**WORK TO BE COMPLETED**. If a line in the listing below includes the word "length", pick it out.

**STUDY MATERIAL**.
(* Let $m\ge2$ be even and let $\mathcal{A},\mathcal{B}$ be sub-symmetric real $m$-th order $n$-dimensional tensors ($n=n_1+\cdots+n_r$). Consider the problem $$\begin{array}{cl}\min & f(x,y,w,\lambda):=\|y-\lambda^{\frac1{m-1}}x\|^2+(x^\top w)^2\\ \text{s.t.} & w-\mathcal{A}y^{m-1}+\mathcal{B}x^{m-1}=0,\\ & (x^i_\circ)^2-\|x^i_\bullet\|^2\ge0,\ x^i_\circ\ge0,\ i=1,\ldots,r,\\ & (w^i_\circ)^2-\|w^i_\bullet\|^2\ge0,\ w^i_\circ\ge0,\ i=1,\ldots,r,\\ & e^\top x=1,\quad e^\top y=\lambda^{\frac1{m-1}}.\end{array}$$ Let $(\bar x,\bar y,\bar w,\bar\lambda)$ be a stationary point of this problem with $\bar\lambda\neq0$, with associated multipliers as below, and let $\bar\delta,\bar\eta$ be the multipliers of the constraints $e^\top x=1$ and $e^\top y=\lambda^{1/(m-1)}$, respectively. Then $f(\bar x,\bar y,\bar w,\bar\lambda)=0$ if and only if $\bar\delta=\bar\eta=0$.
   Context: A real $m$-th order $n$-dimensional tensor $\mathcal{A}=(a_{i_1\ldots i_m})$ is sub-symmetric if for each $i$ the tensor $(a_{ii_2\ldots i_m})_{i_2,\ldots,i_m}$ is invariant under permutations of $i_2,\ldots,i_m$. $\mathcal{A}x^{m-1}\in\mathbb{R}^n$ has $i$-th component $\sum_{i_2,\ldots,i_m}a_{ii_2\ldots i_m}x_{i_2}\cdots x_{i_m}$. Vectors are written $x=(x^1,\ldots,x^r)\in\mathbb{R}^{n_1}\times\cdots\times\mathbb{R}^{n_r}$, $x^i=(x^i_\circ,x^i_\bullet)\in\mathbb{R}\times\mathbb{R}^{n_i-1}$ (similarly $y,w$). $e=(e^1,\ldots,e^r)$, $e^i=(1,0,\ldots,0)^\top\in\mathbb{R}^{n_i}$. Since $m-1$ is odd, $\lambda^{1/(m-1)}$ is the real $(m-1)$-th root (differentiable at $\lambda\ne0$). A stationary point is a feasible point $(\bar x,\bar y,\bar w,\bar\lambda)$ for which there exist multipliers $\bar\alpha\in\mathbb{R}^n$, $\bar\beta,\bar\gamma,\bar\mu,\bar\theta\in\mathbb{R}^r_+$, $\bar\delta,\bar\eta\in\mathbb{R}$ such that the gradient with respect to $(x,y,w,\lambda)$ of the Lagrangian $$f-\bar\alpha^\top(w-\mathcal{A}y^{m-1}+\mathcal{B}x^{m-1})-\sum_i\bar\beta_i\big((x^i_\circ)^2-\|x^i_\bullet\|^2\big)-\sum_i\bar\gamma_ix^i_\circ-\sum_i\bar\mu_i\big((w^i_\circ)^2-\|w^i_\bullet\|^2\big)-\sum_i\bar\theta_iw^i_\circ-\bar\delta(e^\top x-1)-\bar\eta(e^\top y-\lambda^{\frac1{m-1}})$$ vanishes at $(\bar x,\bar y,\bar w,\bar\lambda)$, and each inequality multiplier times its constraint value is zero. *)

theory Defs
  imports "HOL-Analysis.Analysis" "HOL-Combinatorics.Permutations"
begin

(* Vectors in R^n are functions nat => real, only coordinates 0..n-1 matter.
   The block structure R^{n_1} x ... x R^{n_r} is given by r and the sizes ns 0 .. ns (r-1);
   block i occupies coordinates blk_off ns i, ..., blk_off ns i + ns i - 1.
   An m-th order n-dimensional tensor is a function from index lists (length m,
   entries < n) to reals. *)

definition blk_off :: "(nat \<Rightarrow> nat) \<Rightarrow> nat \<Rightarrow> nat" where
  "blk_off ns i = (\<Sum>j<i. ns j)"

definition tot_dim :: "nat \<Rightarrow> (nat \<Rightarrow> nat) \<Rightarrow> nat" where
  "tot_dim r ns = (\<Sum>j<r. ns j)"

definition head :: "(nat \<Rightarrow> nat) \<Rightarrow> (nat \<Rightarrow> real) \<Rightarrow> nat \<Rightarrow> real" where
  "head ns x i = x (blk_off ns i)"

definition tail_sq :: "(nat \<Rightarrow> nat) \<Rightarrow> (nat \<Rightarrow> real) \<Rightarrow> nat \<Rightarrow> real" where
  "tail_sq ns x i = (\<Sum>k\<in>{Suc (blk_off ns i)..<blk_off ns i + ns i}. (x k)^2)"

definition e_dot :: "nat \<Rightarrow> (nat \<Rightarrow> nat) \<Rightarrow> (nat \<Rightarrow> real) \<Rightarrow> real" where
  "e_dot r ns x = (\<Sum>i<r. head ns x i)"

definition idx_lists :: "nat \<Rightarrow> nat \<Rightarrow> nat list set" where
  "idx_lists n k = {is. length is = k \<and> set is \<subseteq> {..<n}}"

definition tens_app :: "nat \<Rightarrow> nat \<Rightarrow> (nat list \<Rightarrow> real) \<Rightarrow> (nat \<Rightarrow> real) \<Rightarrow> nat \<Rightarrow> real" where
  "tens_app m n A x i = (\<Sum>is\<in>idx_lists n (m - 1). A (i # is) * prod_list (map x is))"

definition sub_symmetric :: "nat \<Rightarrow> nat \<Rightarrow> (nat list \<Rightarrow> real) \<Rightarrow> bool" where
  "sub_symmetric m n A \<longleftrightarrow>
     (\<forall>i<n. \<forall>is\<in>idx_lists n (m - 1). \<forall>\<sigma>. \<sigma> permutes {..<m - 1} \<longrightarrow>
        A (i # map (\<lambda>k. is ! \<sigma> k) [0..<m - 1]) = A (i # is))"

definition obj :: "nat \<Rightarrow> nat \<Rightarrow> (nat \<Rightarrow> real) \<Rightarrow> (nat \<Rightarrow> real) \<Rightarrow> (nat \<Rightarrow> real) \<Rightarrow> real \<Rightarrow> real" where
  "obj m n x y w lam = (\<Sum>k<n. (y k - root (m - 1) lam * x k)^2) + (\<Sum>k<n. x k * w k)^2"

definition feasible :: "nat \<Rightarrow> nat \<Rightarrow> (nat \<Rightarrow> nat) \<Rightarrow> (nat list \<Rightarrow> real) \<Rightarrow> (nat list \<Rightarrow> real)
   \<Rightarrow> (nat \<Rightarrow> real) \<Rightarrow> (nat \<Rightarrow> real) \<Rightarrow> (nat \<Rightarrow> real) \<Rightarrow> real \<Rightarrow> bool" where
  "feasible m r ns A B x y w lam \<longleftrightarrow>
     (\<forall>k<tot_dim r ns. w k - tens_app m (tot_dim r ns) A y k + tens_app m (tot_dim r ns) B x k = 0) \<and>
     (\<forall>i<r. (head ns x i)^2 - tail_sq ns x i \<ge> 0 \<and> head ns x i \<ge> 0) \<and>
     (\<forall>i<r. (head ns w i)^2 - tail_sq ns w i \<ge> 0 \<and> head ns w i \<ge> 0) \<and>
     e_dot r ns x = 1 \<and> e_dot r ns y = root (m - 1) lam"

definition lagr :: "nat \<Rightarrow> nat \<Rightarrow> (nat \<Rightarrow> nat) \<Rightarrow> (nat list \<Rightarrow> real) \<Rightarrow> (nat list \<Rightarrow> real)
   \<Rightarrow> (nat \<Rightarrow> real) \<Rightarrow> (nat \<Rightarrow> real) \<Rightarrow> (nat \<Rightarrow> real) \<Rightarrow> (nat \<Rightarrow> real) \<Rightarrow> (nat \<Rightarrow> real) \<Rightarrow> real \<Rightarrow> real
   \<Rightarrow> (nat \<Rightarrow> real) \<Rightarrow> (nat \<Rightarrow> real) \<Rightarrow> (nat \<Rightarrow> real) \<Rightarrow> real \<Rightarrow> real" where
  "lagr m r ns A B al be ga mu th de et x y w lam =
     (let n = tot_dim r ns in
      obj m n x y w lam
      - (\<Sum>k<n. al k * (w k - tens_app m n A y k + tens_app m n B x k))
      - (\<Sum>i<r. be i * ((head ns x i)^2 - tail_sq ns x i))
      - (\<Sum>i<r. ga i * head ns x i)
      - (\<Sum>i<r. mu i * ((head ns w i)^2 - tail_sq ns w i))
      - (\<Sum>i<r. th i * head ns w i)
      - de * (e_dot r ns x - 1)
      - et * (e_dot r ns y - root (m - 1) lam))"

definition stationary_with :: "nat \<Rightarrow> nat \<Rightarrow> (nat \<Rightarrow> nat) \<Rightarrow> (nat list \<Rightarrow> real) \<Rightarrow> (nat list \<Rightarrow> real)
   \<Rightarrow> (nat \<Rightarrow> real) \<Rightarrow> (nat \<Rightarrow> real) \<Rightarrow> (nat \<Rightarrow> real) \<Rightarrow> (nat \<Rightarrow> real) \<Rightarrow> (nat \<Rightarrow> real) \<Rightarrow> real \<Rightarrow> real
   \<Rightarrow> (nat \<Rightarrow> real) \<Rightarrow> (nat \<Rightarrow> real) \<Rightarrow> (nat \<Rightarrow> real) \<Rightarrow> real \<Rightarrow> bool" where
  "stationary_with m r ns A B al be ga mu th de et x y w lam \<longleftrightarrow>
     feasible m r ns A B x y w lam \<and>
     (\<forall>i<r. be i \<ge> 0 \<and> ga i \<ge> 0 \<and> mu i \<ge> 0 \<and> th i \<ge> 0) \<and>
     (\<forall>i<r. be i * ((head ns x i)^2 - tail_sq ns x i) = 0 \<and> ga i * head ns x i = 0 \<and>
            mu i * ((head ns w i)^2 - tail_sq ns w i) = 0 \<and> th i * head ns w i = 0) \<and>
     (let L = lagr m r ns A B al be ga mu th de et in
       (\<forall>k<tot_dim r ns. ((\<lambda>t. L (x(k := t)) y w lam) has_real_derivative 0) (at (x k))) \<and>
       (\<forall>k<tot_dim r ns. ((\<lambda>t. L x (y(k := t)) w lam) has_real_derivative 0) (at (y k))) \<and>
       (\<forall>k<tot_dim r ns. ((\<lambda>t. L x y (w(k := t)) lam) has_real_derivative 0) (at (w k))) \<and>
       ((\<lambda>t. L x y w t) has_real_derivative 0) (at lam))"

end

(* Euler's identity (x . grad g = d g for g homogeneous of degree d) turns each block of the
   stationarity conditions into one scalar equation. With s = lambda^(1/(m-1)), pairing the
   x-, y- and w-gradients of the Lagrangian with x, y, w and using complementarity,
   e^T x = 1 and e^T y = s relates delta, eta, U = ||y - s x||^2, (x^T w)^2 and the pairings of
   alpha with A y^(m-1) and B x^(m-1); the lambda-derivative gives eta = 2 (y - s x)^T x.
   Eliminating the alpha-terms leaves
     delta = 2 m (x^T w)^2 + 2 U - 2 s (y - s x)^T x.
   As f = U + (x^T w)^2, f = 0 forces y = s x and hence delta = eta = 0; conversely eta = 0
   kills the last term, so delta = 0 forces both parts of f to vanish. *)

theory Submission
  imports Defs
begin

**ANSWER FOR THE TASK**.
   An m-th order n-dimensional tensor is a function from index lists (length m,
  "idx_lists n k = {is. length is = k \<and> set is \<subseteq> {..<n}}"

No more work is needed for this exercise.